→ **TASK PROMPT**
Your answer is the lines below, exactly, from the one that contains "obtains u v where" through the one that contains "length (u h)", both included.

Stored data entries
★ ★ ★ ★

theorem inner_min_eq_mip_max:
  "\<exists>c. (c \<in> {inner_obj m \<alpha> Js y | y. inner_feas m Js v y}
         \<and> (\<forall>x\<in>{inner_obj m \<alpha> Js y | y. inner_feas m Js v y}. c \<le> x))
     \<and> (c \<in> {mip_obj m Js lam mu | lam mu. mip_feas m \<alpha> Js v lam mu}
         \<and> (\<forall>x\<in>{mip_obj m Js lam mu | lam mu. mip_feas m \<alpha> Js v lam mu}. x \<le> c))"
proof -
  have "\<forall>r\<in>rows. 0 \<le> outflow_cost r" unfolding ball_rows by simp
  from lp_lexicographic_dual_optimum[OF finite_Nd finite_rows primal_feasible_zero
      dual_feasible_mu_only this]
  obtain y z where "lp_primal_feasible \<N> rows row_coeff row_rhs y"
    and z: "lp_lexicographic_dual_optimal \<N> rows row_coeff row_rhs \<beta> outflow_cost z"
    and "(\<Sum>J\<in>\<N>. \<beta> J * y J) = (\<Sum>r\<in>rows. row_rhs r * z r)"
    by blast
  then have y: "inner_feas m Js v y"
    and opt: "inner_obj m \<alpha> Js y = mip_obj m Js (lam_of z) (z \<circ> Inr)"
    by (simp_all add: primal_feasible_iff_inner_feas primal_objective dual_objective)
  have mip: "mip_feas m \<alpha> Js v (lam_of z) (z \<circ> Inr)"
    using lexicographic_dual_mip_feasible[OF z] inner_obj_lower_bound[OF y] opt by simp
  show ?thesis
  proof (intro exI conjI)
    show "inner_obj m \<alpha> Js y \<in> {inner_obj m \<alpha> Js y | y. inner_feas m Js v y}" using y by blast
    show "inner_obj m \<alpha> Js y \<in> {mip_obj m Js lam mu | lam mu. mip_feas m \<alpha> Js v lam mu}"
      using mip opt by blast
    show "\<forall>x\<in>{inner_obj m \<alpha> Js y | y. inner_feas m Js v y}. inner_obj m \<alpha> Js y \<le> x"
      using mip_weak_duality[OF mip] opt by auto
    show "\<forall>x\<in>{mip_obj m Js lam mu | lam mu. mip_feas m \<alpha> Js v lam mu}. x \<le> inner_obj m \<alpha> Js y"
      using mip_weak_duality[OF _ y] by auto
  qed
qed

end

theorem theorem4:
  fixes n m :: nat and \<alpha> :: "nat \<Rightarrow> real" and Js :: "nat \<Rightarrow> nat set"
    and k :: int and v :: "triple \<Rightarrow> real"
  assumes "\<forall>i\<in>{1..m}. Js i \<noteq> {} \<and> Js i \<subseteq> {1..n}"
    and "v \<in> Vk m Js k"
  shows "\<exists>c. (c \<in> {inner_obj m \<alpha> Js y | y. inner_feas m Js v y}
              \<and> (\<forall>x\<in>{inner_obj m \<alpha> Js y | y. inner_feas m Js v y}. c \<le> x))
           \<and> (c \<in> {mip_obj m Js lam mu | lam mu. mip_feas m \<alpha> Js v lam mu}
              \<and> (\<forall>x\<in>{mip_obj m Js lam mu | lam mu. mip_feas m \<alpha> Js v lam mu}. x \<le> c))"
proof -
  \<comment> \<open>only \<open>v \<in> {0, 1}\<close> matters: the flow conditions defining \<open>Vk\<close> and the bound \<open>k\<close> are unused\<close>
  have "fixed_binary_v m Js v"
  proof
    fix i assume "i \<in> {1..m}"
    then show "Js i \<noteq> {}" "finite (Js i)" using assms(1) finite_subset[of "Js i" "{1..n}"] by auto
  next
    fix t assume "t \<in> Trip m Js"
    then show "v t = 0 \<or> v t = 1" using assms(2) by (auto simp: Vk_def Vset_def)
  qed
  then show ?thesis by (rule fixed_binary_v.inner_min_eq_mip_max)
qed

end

★ ★ ★ ★

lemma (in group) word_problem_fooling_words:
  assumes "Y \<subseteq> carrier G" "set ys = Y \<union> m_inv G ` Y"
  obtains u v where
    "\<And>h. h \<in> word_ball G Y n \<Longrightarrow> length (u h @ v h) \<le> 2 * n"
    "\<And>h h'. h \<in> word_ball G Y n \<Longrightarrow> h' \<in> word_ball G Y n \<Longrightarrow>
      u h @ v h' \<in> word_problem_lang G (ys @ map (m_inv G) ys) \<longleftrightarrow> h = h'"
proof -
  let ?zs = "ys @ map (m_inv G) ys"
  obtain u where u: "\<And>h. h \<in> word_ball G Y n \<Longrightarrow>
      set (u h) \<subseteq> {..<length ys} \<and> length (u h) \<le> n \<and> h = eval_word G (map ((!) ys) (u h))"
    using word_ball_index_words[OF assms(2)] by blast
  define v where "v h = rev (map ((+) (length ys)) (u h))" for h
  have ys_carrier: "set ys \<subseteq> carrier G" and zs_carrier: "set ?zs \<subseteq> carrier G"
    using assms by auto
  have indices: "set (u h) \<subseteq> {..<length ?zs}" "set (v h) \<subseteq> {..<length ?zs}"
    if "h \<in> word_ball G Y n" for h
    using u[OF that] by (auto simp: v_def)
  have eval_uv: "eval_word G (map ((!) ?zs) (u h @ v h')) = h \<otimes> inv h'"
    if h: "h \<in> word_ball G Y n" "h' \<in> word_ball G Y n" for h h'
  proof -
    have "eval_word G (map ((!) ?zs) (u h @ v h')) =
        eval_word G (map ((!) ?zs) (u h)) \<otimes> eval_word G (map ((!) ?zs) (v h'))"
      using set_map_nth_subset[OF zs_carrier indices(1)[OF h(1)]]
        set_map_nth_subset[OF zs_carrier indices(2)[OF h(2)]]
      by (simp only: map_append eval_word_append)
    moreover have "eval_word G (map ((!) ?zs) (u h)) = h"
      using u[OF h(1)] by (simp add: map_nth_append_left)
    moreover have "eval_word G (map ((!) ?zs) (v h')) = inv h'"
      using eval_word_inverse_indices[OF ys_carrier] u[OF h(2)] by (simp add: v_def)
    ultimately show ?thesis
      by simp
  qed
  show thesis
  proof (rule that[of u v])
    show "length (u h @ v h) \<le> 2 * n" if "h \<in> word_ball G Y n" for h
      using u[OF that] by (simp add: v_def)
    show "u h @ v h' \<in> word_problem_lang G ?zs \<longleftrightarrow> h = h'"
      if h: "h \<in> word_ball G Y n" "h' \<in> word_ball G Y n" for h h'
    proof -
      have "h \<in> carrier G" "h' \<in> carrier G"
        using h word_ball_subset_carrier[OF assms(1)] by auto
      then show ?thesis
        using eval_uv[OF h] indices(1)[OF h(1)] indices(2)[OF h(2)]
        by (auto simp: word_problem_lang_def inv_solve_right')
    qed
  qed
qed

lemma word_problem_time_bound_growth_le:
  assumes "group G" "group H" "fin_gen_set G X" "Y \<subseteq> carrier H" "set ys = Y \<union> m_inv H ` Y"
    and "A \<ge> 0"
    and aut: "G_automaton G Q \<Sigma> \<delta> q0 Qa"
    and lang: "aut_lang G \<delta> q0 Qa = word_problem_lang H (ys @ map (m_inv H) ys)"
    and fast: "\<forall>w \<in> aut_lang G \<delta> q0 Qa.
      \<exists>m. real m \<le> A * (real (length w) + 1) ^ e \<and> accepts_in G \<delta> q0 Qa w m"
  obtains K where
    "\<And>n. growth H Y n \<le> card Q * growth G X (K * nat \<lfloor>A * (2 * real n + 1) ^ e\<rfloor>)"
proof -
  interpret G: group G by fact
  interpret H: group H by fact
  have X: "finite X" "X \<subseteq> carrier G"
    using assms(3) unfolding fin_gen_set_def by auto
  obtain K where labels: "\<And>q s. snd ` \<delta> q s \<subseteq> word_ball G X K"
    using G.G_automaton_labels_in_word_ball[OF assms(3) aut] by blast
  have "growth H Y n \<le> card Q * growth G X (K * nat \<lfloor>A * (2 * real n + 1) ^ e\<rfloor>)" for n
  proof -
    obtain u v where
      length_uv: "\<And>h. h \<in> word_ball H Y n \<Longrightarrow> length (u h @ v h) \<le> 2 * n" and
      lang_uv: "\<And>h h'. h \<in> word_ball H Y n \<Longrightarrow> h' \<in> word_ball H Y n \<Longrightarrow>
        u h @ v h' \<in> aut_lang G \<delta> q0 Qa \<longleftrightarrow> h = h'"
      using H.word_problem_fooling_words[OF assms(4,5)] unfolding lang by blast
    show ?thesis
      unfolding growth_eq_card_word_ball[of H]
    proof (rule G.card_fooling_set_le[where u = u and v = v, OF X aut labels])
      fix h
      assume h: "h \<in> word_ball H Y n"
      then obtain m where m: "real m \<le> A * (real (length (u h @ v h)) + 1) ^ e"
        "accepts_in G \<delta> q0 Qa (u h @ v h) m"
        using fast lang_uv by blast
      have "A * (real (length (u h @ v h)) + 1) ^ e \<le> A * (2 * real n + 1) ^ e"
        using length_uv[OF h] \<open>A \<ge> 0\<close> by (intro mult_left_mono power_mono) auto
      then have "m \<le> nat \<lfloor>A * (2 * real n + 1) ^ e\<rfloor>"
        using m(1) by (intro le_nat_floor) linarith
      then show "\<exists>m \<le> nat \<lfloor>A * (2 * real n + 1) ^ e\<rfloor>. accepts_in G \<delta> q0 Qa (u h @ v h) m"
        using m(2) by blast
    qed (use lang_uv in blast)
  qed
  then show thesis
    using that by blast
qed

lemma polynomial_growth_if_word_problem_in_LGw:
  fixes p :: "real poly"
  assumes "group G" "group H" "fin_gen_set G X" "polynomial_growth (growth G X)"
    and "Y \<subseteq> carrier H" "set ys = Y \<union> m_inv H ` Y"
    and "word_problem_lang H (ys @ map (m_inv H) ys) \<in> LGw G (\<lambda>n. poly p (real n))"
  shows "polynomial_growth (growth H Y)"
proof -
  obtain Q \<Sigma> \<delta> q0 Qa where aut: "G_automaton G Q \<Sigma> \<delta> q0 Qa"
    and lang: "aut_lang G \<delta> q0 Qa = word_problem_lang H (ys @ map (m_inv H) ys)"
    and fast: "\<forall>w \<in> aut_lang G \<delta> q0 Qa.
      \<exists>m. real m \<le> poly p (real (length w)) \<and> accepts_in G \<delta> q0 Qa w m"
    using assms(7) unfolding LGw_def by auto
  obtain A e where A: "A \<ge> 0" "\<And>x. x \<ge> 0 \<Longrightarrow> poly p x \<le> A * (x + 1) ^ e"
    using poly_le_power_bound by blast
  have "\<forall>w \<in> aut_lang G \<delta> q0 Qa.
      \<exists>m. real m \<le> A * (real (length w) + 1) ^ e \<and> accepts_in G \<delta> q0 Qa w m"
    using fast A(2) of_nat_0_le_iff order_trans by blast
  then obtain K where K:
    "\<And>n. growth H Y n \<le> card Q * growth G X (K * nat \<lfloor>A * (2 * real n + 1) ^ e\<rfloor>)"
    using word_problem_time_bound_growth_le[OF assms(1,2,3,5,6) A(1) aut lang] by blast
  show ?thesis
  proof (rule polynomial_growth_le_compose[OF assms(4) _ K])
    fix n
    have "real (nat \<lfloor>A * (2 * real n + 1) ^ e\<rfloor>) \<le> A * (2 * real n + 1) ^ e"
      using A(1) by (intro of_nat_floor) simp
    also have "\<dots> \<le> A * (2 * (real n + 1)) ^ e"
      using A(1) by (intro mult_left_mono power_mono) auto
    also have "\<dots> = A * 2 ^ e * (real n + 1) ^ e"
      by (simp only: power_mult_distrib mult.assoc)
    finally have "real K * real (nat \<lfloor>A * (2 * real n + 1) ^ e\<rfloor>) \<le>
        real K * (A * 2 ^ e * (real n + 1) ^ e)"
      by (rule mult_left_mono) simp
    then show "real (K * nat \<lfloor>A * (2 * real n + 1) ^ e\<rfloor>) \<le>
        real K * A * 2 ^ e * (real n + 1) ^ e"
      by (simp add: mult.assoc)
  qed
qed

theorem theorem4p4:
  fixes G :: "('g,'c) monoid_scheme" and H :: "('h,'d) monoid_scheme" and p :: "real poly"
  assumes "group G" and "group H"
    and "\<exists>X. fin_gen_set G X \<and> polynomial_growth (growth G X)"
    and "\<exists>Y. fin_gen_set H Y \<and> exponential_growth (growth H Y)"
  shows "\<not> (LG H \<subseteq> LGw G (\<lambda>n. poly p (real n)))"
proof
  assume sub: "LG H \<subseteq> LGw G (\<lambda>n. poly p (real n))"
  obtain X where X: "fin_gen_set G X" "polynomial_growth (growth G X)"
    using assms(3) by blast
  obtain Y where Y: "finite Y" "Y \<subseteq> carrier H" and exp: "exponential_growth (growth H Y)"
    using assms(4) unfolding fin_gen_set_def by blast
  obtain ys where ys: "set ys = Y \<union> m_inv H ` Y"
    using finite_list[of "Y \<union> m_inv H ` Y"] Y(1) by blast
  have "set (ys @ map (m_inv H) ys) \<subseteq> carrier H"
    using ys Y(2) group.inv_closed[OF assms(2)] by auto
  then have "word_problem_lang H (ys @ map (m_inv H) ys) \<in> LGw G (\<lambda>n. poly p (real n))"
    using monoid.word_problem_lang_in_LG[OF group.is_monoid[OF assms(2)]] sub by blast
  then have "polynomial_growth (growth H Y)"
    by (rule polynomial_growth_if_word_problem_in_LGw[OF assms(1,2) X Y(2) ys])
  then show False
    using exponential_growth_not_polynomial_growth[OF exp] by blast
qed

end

★ ★ ★ ★

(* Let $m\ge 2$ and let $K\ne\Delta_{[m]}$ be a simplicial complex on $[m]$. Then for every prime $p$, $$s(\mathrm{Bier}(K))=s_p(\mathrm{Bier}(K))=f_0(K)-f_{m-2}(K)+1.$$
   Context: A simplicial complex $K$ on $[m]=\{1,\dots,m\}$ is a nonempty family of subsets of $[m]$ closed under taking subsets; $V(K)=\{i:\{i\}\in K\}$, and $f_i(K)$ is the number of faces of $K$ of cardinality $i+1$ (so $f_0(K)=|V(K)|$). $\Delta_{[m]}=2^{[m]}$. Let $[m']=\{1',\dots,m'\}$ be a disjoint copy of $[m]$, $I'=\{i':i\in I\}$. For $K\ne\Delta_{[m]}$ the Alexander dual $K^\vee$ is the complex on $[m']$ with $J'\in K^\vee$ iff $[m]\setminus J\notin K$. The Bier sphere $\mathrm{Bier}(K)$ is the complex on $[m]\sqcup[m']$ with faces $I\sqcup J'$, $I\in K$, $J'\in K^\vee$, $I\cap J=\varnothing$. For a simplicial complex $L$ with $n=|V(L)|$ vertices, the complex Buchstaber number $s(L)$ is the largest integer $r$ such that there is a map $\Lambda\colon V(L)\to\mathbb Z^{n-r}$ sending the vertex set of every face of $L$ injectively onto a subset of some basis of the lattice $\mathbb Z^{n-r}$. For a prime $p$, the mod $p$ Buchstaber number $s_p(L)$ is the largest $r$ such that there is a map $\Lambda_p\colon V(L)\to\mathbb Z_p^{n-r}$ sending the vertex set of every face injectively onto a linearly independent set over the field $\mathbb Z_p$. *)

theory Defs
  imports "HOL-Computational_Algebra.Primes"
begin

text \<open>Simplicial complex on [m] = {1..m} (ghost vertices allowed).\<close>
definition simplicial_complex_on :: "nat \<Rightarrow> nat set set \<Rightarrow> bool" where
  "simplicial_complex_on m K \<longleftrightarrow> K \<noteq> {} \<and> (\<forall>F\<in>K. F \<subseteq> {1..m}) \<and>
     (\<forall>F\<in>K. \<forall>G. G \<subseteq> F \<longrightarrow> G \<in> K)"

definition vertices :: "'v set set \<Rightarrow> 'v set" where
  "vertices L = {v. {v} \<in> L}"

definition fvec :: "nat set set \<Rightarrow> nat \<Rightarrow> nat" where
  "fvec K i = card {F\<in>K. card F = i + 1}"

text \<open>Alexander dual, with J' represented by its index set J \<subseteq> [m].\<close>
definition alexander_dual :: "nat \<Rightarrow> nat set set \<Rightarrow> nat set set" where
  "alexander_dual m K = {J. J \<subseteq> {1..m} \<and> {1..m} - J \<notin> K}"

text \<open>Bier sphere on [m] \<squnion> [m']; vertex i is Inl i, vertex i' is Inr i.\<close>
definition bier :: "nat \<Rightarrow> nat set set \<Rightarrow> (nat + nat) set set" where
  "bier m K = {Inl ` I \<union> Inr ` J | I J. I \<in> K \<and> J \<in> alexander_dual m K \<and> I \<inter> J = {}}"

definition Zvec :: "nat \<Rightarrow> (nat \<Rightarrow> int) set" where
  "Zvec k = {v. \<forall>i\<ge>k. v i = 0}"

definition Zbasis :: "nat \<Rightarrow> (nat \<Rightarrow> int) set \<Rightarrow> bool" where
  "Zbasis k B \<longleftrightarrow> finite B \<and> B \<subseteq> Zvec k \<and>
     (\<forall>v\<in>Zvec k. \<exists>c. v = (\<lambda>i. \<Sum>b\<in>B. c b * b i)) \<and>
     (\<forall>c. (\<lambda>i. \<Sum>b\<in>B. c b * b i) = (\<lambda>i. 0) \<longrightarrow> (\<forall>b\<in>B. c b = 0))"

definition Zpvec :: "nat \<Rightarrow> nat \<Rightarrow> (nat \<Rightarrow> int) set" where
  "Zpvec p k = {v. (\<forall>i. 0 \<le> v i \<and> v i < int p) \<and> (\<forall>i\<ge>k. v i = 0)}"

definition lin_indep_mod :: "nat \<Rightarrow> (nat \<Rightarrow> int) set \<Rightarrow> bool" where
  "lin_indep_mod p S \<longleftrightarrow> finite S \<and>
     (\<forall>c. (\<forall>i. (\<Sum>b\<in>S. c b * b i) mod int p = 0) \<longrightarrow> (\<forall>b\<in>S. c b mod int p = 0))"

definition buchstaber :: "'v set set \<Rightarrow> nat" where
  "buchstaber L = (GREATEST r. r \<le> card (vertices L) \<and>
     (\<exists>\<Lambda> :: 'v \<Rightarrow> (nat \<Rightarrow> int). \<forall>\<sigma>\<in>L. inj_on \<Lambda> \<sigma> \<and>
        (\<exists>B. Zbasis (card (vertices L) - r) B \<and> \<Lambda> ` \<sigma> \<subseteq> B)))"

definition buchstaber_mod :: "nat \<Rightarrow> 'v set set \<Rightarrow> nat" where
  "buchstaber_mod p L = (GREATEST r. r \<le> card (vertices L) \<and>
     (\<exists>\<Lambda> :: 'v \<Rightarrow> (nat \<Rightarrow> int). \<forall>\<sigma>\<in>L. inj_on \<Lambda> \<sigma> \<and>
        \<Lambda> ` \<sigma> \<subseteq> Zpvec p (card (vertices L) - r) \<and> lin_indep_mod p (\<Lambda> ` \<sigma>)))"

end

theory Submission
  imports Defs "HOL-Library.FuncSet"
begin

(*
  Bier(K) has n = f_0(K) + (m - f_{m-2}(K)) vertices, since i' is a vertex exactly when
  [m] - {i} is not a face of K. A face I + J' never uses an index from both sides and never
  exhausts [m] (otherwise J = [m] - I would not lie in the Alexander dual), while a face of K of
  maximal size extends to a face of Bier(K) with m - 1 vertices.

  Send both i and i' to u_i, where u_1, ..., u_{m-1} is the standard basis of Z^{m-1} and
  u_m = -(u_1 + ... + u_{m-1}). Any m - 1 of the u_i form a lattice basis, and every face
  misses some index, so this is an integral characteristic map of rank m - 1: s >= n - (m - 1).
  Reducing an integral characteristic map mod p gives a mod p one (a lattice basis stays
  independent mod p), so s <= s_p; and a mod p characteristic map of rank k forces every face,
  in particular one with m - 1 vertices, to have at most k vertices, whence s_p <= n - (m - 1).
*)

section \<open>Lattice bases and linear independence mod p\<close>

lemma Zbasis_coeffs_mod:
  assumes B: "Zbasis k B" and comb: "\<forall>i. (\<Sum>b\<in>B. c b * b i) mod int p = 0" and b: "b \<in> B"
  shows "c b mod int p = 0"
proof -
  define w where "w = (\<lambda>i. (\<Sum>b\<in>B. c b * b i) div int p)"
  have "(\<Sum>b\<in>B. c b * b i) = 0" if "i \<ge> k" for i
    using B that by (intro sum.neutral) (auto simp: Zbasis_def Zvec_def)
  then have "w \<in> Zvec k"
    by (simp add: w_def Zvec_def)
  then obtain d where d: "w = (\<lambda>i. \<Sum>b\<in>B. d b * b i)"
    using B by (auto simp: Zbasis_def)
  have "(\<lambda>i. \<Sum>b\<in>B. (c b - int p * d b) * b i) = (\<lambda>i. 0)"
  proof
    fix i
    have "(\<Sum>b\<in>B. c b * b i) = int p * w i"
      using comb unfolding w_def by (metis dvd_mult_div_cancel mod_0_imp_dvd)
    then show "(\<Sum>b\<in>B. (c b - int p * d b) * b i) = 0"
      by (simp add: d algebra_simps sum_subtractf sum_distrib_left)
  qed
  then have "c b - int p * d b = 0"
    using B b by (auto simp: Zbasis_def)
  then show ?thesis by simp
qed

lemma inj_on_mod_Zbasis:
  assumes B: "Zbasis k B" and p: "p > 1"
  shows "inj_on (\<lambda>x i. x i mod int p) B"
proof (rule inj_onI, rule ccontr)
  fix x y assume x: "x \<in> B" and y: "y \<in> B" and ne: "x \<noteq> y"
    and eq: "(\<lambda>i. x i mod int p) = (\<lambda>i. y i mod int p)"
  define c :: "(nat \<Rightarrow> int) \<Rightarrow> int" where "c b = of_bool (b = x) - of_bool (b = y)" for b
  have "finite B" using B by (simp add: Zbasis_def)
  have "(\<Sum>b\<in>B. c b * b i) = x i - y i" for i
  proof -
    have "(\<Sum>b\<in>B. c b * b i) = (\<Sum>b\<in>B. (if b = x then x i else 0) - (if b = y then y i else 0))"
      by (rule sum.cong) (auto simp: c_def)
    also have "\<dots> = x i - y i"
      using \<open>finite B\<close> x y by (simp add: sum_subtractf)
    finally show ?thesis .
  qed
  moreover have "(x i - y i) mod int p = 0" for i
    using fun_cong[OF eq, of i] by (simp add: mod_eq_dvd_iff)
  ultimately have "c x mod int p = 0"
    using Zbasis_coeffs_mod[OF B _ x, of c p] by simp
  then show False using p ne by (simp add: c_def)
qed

★ ★ ★ ★

→ **EXERCISE ANSWER**
  obtains u v where
    "\<And>h. h \<in> word_ball G Y n \<Longrightarrow> length (u h @ v h) \<le> 2 * n"
    "\<And>h h'. h \<in> word_ball G Y n \<Longrightarrow> h' \<in> word_ball G Y n \<Longrightarrow>
      u h @ v h' \<in> word_problem_lang G (ys @ map (m_inv G) ys) \<longleftrightarrow> h = h'"
proof -
  let ?zs = "ys @ map (m_inv G) ys"
  obtain u where u: "\<And>h. h \<in> word_ball G Y n \<Longrightarrow>
      set (u h) \<subseteq> {..<length ys} \<and> length (u h) \<le> n \<and> h = eval_word G (map ((!) ys) (u h))"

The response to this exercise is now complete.